Section 297A(1)(a) can render an officer of the company personally liable for debts of the company where he was knowingly a party to reckless trading. Section 297A (1) (b) can result in any person being personally liable for such debts where they are knowingly a party to any fraudulent trading. There is an important distinction to be made between fraudulent and reckless trading.
Reckless Trading can result in the unlimited personal liability of any officer who was knowingly a party to the carrying on of the business of the company in a reckless manner.  While this may sound like a useful tool of the Courts it is seldom used. In the case of Re PSK Construction Ltd ; Kavanagh v Killeen and Higgins [2009] IEHC for example, Justice Finlay Geoghan  rejected argument that a Director  who held junior position in the company had been knowingly a party to carrying on company’s business in reckless manner. It seems that knowledge that the company was involved, on a temporary basis, in tax evasion is not sufficient per se to justify finding of deemed recklessness. An action based on reckless trading therefore is difficult to predict with any degree of certainty.
Fraudulent trading on the other hand, is a far more serious crime and thus is viewed much more harshly by the courts.
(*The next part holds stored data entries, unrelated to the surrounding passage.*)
lemma half_mult_log2_add_min_le:
  fixes a b :: real
  assumes "0 < a" "0 < b"
  shows "a / 2 * log 2 a + b / 2 * log 2 b + min a b \<le> (a + b) / 2 * log 2 (a + b)"
proof -
  have ordered: "a / 2 * log 2 a + b / 2 * log 2 b + a \<le> (a + b) / 2 * log 2 (a + b)"
    if "0 < a" "a \<le> b" for a b :: real
  proof -
    have "log 2 2 \<le> log 2 ((a + b) / a)"
      using that by (subst log_le_cancel_iff) (auto simp: field_simps)
    then have "1 \<le> log 2 (a + b) - log 2 a"
      using that by (simp add: log_divide)
    then have small: "a \<le> a * (log 2 (a + b) - log 2 a)"
      using that by simp
    have "2 powr (a / b) \<le> 1 + a / b"
      using that by (intro two_powr_le_one_plus) auto
    then have "a / b \<le> log 2 (1 + a / b)"
      using that by (subst le_log_iff) (auto simp: add_pos_nonneg)
    also have "1 + a / b = (a + b) / b"
      using that by (simp add: field_simps)
    finally have "a / b \<le> log 2 (a + b) - log 2 b"
      using that by (simp add: log_divide)
    then have large: "a \<le> b * (log 2 (a + b) - log 2 b)"
      using that by (simp add: field_simps)
    from small large show ?thesis
      by (simp add: field_simps)
  qed
  show ?thesis
  proof (cases "a \<le> b")
    case True
    then show ?thesis using ordered[of a b] assms by simp
  next
    case False
    then show ?thesis using ordered[of b a] assms by (simp add: add.commute)
  qed
qed

lemma card_crossing_matching_le:
  assumes "finite T"
    and cross: "\<forall>e\<in>N. \<exists>u v. e = {u, v} \<and> u \<in> T \<and> v \<notin> T"
    and matching: "\<forall>u v w. {u, v} \<in> N \<longrightarrow> {u, w} \<in> N \<longrightarrow> v = w"
  shows "card N \<le> card T"
proof -
  have "inj_on (\<lambda>e. e \<inter> T) N"
  proof (rule inj_onI)
    fix e e' assume "e \<in> N" "e' \<in> N" and eq: "e \<inter> T = e' \<inter> T"
    then obtain u v u' v' where "e = {u, v}" "u \<in> T" "v \<notin> T" "e' = {u', v'}" "u' \<in> T" "v' \<notin> T"
      using cross by meson
    with eq \<open>e \<in> N\<close> \<open>e' \<in> N\<close> matching show "e = e'" by auto
  qed
  moreover have "(\<lambda>e. e \<inter> T) ` N \<subseteq> (\<lambda>u. {u}) ` T"
    using cross by auto
  ultimately have "card N \<le> card ((\<lambda>u. {u}) ` T)"
    by (metis assms(1) card_inj_on_le finite_imageI)
  also have "\<dots> \<le> card T"
    by (rule card_image_le[OF assms(1)])
  finally show ?thesis .
qed

locale cut_matching_family =
  fixes S :: "'a set" and I :: "'i set" and M :: "'i \<Rightarrow> 'a set set" and A :: "'i \<Rightarrow> 'a set"
  assumes edge_cut: "i \<in> I \<Longrightarrow> e \<in> M i \<Longrightarrow> \<exists>u v. e = {u, v} \<and> u \<in> S \<and> v \<in> S \<and> u \<in> A i \<and> v \<notin> A i"
    and matching: "i \<in> I \<Longrightarrow> {u, v} \<in> M i \<Longrightarrow> {u, w} \<in> M i \<Longrightarrow> v = w"
    and disjoint: "i \<in> I \<Longrightarrow> j \<in> I \<Longrightarrow> i \<noteq> j \<Longrightarrow> M i \<inter> M j = {}"
    and cut_edges_closed:
      "i \<in> I \<Longrightarrow> j \<in> I \<Longrightarrow> {u, v} \<in> M j \<Longrightarrow> u \<in> A i \<Longrightarrow> v \<notin> A i \<Longrightarrow> {u, v} \<in> M i"
begin

lemma restrict:
  assumes "J \<subseteq> I"
  shows "cut_matching_family T J (\<lambda>i. {e \<in> M i. e \<subseteq> T}) A"
proof
  fix i e assume "i \<in> J" "e \<in> {e \<in> M i. e \<subseteq> T}"
  then show "\<exists>u v. e = {u, v} \<and> u \<in> T \<and> v \<in> T \<and> u \<in> A i \<and> v \<notin> A i"
    using assms edge_cut[of i e] by blast
next
  fix i u v w assume "i \<in> J" "{u, v} \<in> {e \<in> M i. e \<subseteq> T}" "{u, w} \<in> {e \<in> M i. e \<subseteq> T}"
  then show "v = w"
    using assms matching[of i u v w] by blast
next
  fix i j assume "i \<in> J" "j \<in> J" "i \<noteq> j"
  then show "{e \<in> M i. e \<subseteq> T} \<inter> {e \<in> M j. e \<subseteq> T} = {}"
    using assms disjoint[of i j] by blast
next
  fix i j u v assume "i \<in> J" "j \<in> J" "{u, v} \<in> {e \<in> M j. e \<subseteq> T}" "u \<in> A i" "v \<notin> A i"
  then show "{u, v} \<in> {e \<in> M i. e \<subseteq> T}"
    using assms cut_edges_closed[of i j u v] by blast
qed

lemma finite_edges: "finite S \<Longrightarrow> i \<in> I \<Longrightarrow> finite (M i)"
  by (rule finite_subset[of _ "Pow S"]) (auto dest: edge_cut)

lemma card_split:
  assumes "finite S" "i0 \<in> I" "i \<in> I" "i \<noteq> i0"
  shows "card (M i) = card {e \<in> M i. e \<subseteq> S \<inter> A i0} + card {e \<in> M i. e \<subseteq> S - A i0}"
proof -
  have uncut: "e \<subseteq> S \<inter> A i0 \<or> e \<subseteq> S - A i0" if e: "e \<in> M i" for e
  proof -
    obtain u v where uv: "e = {u, v}" "u \<in> S" "v \<in> S"
      using edge_cut[OF \<open>i \<in> I\<close> e] by blast
    \<comment> \<open>an edge of \<open>M i\<close> cut by \<open>A i0\<close> would also lie in \<open>M i0\<close>\<close>
    have "{u, v} \<notin> M i0"
      using disjoint[of i i0] assms(2-4) e uv by blast
    then have "\<not> (u \<in> A i0 \<and> v \<notin> A i0) \<and> \<not> (v \<in> A i0 \<and> u \<notin> A i0)"
      using cut_edges_closed[of i0 i] assms(2,3) e uv by (metis insert_commute)
    then show ?thesis
      using uv by blast
  qed
  have "M i = {e \<in> M i. e \<subseteq> S \<inter> A i0} \<union> {e \<in> M i. e \<subseteq> S - A i0}"
    using uncut by blast
  moreover have "{e \<in> M i. e \<subseteq> S \<inter> A i0} \<inter> {e \<in> M i. e \<subseteq> S - A i0} = {}"
    using edge_cut[OF \<open>i \<in> I\<close>] by blast
  ultimately show ?thesis
    using finite_edges[OF assms(1,3)] by (metis card_Un_disjoint finite_Un)
qed

end

lemma sum_card_cut_matching_family_le:
  assumes "finite S" "finite I" "cut_matching_family S I M A"
  shows "real (\<Sum>i\<in>I. card (M i)) \<le> real (card S) / 2 * log 2 (card S)"
  using assms
proof (induction "card S" arbitrary: S I M rule: less_induct)
  case less
  interpret family: cut_matching_family S I M A
    by (rule less.prems(3))
  show ?case
  proof (cases "\<forall>i\<in>I. M i = {}")
    case True
    then show ?thesis
      by (cases "card S = 0") auto
  next
    case False
    then obtain i0 u0 v0 where i0: "i0 \<in> I" "{u0, v0} \<in> M i0"
      and uv0: "u0 \<in> S" "v0 \<in> S" "u0 \<in> A i0" "v0 \<notin> A i0"
      using family.edge_cut by (metis all_not_in_conv)
    define P where "P = S \<inter> A i0"
    define Q where "Q = S - A i0"
    define J where "J = I - {i0}"
    have finite: "finite P" "finite Q" "finite J"
      using less.prems(1,2) unfolding P_def Q_def J_def by auto
    have card_less: "card P < card S" "card Q < card S"
      using uv0 less.prems(1) unfolding P_def Q_def by (auto intro!: psubset_card_mono)
    have IH: "real (\<Sum>i\<in>J. card {e \<in> M i. e \<subseteq> T}) \<le> real (card T) / 2 * log 2 (card T)"
      if "T \<in> {P, Q}" for T
    proof (rule less.hyps)
      show "card T < card S" "finite T"
        using that card_less finite by auto
      show "cut_matching_family T J (\<lambda>i. {e \<in> M i. e \<subseteq> T}) A"
        by (rule family.restrict) (auto simp: J_def)
    qed (use finite in simp)
    have "card (M i0) \<le> card P"
    proof (rule card_crossing_matching_le)
      show "\<forall>e\<in>M i0. \<exists>u v. e = {u, v} \<and> u \<in> P \<and> v \<notin> P"
        using family.edge_cut[OF i0(1)] unfolding P_def by blast
    qed (use family.matching[OF i0(1)] finite in auto)
    moreover have "card (M i0) \<le> card Q"
    proof (rule card_crossing_matching_le)
      show "\<forall>e\<in>M i0. \<exists>u v. e = {u, v} \<and> u \<in> Q \<and> v \<notin> Q"
        using family.edge_cut[OF i0(1)] unfolding Q_def by (metis Diff_iff insert_commute)
    qed (use family.matching[OF i0(1)] finite in auto)
    moreover have "(\<Sum>i\<in>I. card (M i))
        = card (M i0) + (\<Sum>i\<in>J. card {e \<in> M i. e \<subseteq> P}) + (\<Sum>i\<in>J. card {e \<in> M i. e \<subseteq> Q})"
      using less.prems(1,2) i0(1)
      by (simp add: J_def P_def Q_def sum.remove family.card_split sum.distrib)
    moreover have "card S = card P + card Q"
      unfolding P_def Q_def by (rule card_Int_Diff[OF less.prems(1)])
    moreover have "card P > 0" "card Q > 0"
      using uv0 finite unfolding P_def Q_def by (auto simp: card_gt_0_iff)
    ultimately show ?thesis
      using IH[of P] IH[of Q] half_mult_log2_add_min_le[of "card P" "card Q"] by simp
  qed
qed

(* The probability that a random subset of X, containing each element independently
   with probability p, equals S. *)
definition subset_weight :: "real \<Rightarrow> 'a set \<Rightarrow> 'a set \<Rightarrow> real" where
  "subset_weight p X S = p ^ card S * (1 - p) ^ card (X - S)"

lemma subset_weight_nonneg: "0 \<le> p \<Longrightarrow> p \<le> 1 \<Longrightarrow> 0 \<le> subset_weight p X S"
  by (simp add: subset_weight_def)

lemma prod_if_mem_zero:
  fixes a :: real
  assumes "finite T"
  shows "(\<Prod>x\<in>T. if x \<in> C then 0 else a) = (if T \<inter> C = {} then a ^ card T else 0)"
proof (cases "T \<inter> C = {}")
  case True
  then have "(\<Prod>x\<in>T. if x \<in> C then 0 else a) = (\<Prod>x\<in>T. a)"
    by (intro prod.cong) auto
  then show ?thesis
    using True by simp
qed (use assms in \<open>auto intro: prod_zero\<close>)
It can result in unlimited personal responsibility of any person who was knowingly a party to …. With intent to defraud or for  any fraudulent purpose. This is a subjective test and the courts have discretion on who can come under the scope of the term ‘any person’.


 s.251 of the Companies  Act, 1990 allows the Court to assess damages against the Directors. Note that this is only in the case of liquidation of a company.